DESCRIPTION OF THE TASK = Match on the string "that" in the entries below and return every matching line.
/---
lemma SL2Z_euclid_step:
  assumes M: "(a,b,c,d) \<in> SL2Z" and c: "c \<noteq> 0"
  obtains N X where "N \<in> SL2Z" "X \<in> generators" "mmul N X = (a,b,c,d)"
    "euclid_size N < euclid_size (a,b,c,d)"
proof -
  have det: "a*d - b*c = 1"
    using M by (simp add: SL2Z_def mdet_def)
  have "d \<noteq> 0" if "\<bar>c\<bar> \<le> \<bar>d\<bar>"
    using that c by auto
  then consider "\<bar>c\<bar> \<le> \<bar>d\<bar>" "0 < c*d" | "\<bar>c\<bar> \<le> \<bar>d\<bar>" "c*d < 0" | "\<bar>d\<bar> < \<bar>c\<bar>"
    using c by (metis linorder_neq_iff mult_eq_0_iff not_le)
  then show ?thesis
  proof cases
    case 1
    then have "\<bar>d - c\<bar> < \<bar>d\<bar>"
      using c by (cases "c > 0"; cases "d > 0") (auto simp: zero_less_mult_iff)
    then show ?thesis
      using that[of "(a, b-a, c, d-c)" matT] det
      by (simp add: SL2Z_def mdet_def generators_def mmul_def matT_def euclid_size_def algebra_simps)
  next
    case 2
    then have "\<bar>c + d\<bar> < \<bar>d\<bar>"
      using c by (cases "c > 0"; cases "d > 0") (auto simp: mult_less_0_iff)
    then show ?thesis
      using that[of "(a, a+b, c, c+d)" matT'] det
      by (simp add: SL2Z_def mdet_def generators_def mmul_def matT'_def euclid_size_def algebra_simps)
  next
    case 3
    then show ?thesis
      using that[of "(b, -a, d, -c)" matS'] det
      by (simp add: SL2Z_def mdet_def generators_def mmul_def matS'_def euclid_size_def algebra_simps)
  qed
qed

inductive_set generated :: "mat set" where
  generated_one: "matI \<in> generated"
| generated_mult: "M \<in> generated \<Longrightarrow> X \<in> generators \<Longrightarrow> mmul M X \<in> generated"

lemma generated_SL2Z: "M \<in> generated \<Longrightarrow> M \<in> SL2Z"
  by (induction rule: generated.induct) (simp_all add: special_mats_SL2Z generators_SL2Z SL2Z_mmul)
\---
ANSWER AREA =
    using that c by auto
      using that[of "(a, b-a, c, d-c)" matT] det
      using that[of "(a, a+b, c, c+d)" matT'] det
      using that[of "(b, -a, d, -c)" matS'] det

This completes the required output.